Data Augmentation¶

DFODE-kit provides a preset-driven CLI for data augmentation:

dfode-kit augment ...

This page is the canonical reference for the current augmentation command.

Purpose¶

Create an augmented NumPy dataset from a sampled HDF5 state file using a named augmentation preset.

The current design goal is to keep the public CLI surface small while still supporting:

preview before execution
machine-readable JSON output
config round-trip through JSON files
reproducible execution through an explicit seed

Command¶

dfode-kit augment [options]

Minimal public contract¶

Required¶

--source
--mech

Usually required¶

--save (required for --apply)
--preset
--target-size

Workflow controls¶

--preview
--apply
--json
--write-config
--from-config

Optional but high-value¶

--seed

Current preset¶

random-local-combustion-v1

This preset currently preserves the mainline augmentation behavior while keeping the public flag surface minimal.

Common workflow¶

Preview the resolved plan¶

dfode-kit augment \
  --source /path/to/sample.h5 \
  --mech /path/to/gri30.yaml \
  --preset random-local-combustion-v1 \
  --target-size 20000 \
  --preview --json

Write a machine-readable config¶

dfode-kit augment \
  --source /path/to/sample.h5 \
  --mech /path/to/gri30.yaml \
  --preset random-local-combustion-v1 \
  --target-size 20000 \
  --preview \
  --write-config /path/to/augment-plan.json

Apply directly¶

dfode-kit augment \
  --source /path/to/sample.h5 \
  --mech /path/to/gri30.yaml \
  --save /path/to/aug.npy \
  --preset random-local-combustion-v1 \
  --target-size 20000 \
  --seed 1234 \
  --apply

Apply from a saved config¶

dfode-kit augment \
  --from-config /path/to/augment-plan.json \
  --save /path/to/aug.npy \
  --apply

Output behavior¶

`--preview --json`¶

Prints a JSON object containing the resolved augmentation plan.

`--write-config`¶

Writes the resolved plan to a JSON file for review, editing, and later execution.

`--apply`¶

Runs augmentation and writes the output .npy dataset.

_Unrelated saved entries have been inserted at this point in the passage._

(* For every $n\ge 1$, the sensitivity to synchronism of elementary cellular automaton rule $200$ satisfies $\mu(f_{200,n})=\dfrac{1}{3^n-2^{n+1}+2}$.
   Context: Cells are indexed by $\mathbb{Z}_n=\{0,\dots,n-1\}$, indices modulo $n$. Rule $200$ has local rule $r_{200}(x_1,x_2,x_3)=x_2\wedge(x_1\vee x_3)$, and global function $f_{200,n}(x)_i=r_{200}(x_{i-1},x_i,x_{i+1})$. An update schedule is an ordered partition $\Delta=(\Delta_1,\dots,\Delta_k)$ of $\mathbb{Z}_n$ into nonempty blocks; $\mathcal{P}_n$ is the set of them. For a block $B$ let $f^{(B)}(x)_i=f_{200,n}(x)_i$ if $i\in B$ and $x_i$ otherwise; $f^{(\Delta)}_{200,n}=f^{(\Delta_k)}\circ\cdots\circ f^{(\Delta_1)}$. The dynamics of $\Delta$ is the transition digraph with arcs $(x,f^{(\Delta)}_{200,n}(x))$; $\mathcal{D}(f_{200,n})$ is the set of distinct dynamics over $\Delta\in\mathcal{P}_n$ (equivalently, the number of distinct maps $f^{(\Delta)}_{200,n}$). The sensitivity to synchronism is $\mu(f_{200,n})=|\mathcal{D}(f_{200,n})|/(3^n-2^{n+1}+2)$. *)

theory Defs
  imports Complex_Main "HOL-Library.FuncSet"
begin

definition r200 :: "bool \<Rightarrow> bool \<Rightarrow> bool \<Rightarrow> bool" where
  "r200 x1 x2 x3 = (x2 \<and> (x1 \<or> x3))"

definition f200 :: "nat \<Rightarrow> bool list \<Rightarrow> bool list" where
  "f200 n x = map (\<lambda>i. r200 (x ! ((i + n - 1) mod n)) (x ! i) (x ! ((i + 1) mod n))) [0..<n]"

definition block_update :: "nat \<Rightarrow> nat set \<Rightarrow> bool list \<Rightarrow> bool list" where
  "block_update n B x = map (\<lambda>i. if i \<in> B then f200 n x ! i else x ! i) [0..<n]"

definition ordered_partitions :: "nat \<Rightarrow> nat set list set" where
  "ordered_partitions n = {D. (\<forall>B\<in>set D. B \<noteq> {}) \<and> \<Union>(set D) = {..<n} \<and>
     (\<forall>i<length D. \<forall>j<length D. i \<noteq> j \<longrightarrow> D ! i \<inter> D ! j = {})}"

text \<open>f^(Delta) = f^(Delta_k) o ... o f^(Delta_1) (fold applies the first block first).\<close>
definition async_update :: "nat \<Rightarrow> nat set list \<Rightarrow> bool list \<Rightarrow> bool list" where
  "async_update n D = fold (block_update n) D"

definition configs :: "nat \<Rightarrow> bool list set" where
  "configs n = {x. length x = n}"

text \<open>Distinct dynamics = distinct maps on the configuration space.\<close>
definition dynamics200 :: "nat \<Rightarrow> (bool list \<Rightarrow> bool list) set" where
  "dynamics200 n = (\<lambda>D. restrict (async_update n D) (configs n)) ` ordered_partitions n"

definition mu200 :: "nat \<Rightarrow> real" where
  "mu200 n = real (card (dynamics200 n)) / (3 ^ n - 2 ^ (n + 1) + 2)"

end

theory Submission
  imports Defs
begin

text \<open>Rule 200 only erases isolated ones, and a one that survives has a neighbouring one that
  survives as well. Hence applying the global map to a configuration in which an arbitrary set
  of cells has already been updated gives the same result as applying it to the original one.
  By induction over the blocks, every block-sequential schedule computes exactly the parallel
  map, so rule 200 has a single dynamics.\<close>

lemma r200_mixed_neighbourhood:
  assumes "a' \<in> {a, r200 z a b}" and "b' \<in> {b, r200 a b c}" and "c' \<in> {c, r200 b c d}"
  shows "r200 a' b' c' = r200 a b c"
  using assms by (auto simp: r200_def)

lemma right_neighbour_of_left_neighbour:
  "i < (n::nat) \<Longrightarrow> ((i + n - 1) mod n + 1) mod n = i"
  by (cases i) (auto simp: mod_Suc)

lemma left_neighbour_of_right_neighbour:
  "i < (n::nat) \<Longrightarrow> ((i + 1) mod n + n - 1) mod n = i"
  by (cases "Suc i = n") auto

lemma length_f200 [simp]: "length (f200 n x) = n"
  by (simp add: f200_def)

lemma nth_f200:
  "i < n \<Longrightarrow> f200 n x ! i = r200 (x ! ((i + n - 1) mod n)) (x ! i) (x ! ((i + 1) mod n))"
  by (simp add: f200_def)

lemma length_block_update [simp]: "length (block_update n B x) = n"
  by (simp add: block_update_def)

lemma nth_block_update:
  "i < n \<Longrightarrow> block_update n B x ! i = (if i \<in> B then f200 n x ! i else x ! i)"
  by (simp add: block_update_def)

lemma block_update_empty: "length x = n \<Longrightarrow> block_update n {} x = x"
  by (rule nth_equalityI) (auto simp: nth_block_update)

lemma block_update_all: "block_update n {..<n} x = f200 n x"
  by (rule nth_equalityI) (auto simp: nth_block_update)

lemma f200_block_update: "f200 n (block_update n B x) = f200 n x"
proof (rule nth_equalityI)
  fix i assume "i < length (f200 n (block_update n B x))"
  then have i: "i < n" by simp
  define y where "y = block_update n B x"
  define l r where "l = (i + n - 1) mod n" and "r = (i + 1) mod n"
  have l: "l < n" and r: "r < n" using i by (simp_all add: l_def r_def)
  have "(l + 1) mod n = i" "(r + n - 1) mod n = i"
    unfolding l_def r_def using i
    by (rule right_neighbour_of_left_neighbour, rule left_neighbour_of_right_neighbour)
  then have "y ! l \<in> {x ! l, r200 (x ! ((l + n - 1) mod n)) (x ! l) (x ! i)}"
    and "y ! i \<in> {x ! i, r200 (x ! l) (x ! i) (x ! r)}"
    and "y ! r \<in> {x ! r, r200 (x ! i) (x ! r) (x ! ((r + 1) mod n))}"
    using i l r by (auto simp: y_def nth_block_update nth_f200 l_def r_def)
  then have "r200 (y ! l) (y ! i) (y ! r) = r200 (x ! l) (x ! i) (x ! r)"
    by (rule r200_mixed_neighbourhood)
  then show "f200 n y ! i = f200 n x ! i"
    using i by (simp add: nth_f200 l_def r_def)
qed simp

lemma block_update_block_update:
  "block_update n B (block_update n S x) = block_update n (S \<union> B) x"
  by (rule nth_equalityI) (auto simp: nth_block_update f200_block_update)

lemma fold_block_update:
  "fold (block_update n) D (block_update n S x) = block_update n (S \<union> \<Union>(set D)) x"
  by (induction D arbitrary: S) (simp_all add: block_update_block_update Un_assoc)

lemma async_update_eq_f200:
  assumes "length x = n" and "D \<in> ordered_partitions n"
  shows "async_update n D x = f200 n x"
proof -
  have "\<Union>(set D) = {..<n}" using assms(2) by (simp add: ordered_partitions_def)
  then show ?thesis
    using fold_block_update[of n D "{}" x]
    by (simp add: async_update_def block_update_empty[OF assms(1)] block_update_all)
qed

lemma dynamics200_eq:
  assumes "n \<ge> 1"
  shows "dynamics200 n = {restrict (f200 n) (configs n)}"
proof -
  have "[{..<n}] \<in> ordered_partitions n"
    using assms by (auto simp: ordered_partitions_def lessThan_empty_iff)
  moreover have "restrict (async_update n D) (configs n) = restrict (f200 n) (configs n)"
    if "D \<in> ordered_partitions n" for D
    using that by (intro restrict_ext) (simp add: configs_def async_update_eq_f200)
  ultimately show ?thesis
    unfolding dynamics200_def by (auto intro!: image_eqI)
qed

theorem mainTheorem2:
  fixes n :: nat
  assumes "n \<ge> 1"
  shows "mu200 n = 1 / (3 ^ n - 2 ^ (n + 1) + 2)"
  unfolding mu200_def dynamics200_eq[OF assms] by simp

end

In --json mode, the command reports a structured completion record including:

source path
output path
preset
requested row count
returned row count
seed

Action rule¶

At least one of the following must be specified:

--preview
--apply
--write-config

Design note¶

The current augmentation CLI intentionally avoids exposing a large number of tuning flags.

The preferred model is:

choose a named preset
preview the resolved plan
optionally persist the plan with --write-config
apply the plan directly or via --from-config

This keeps everyday CLI usage short while still supporting reproducible, machine-readable workflows.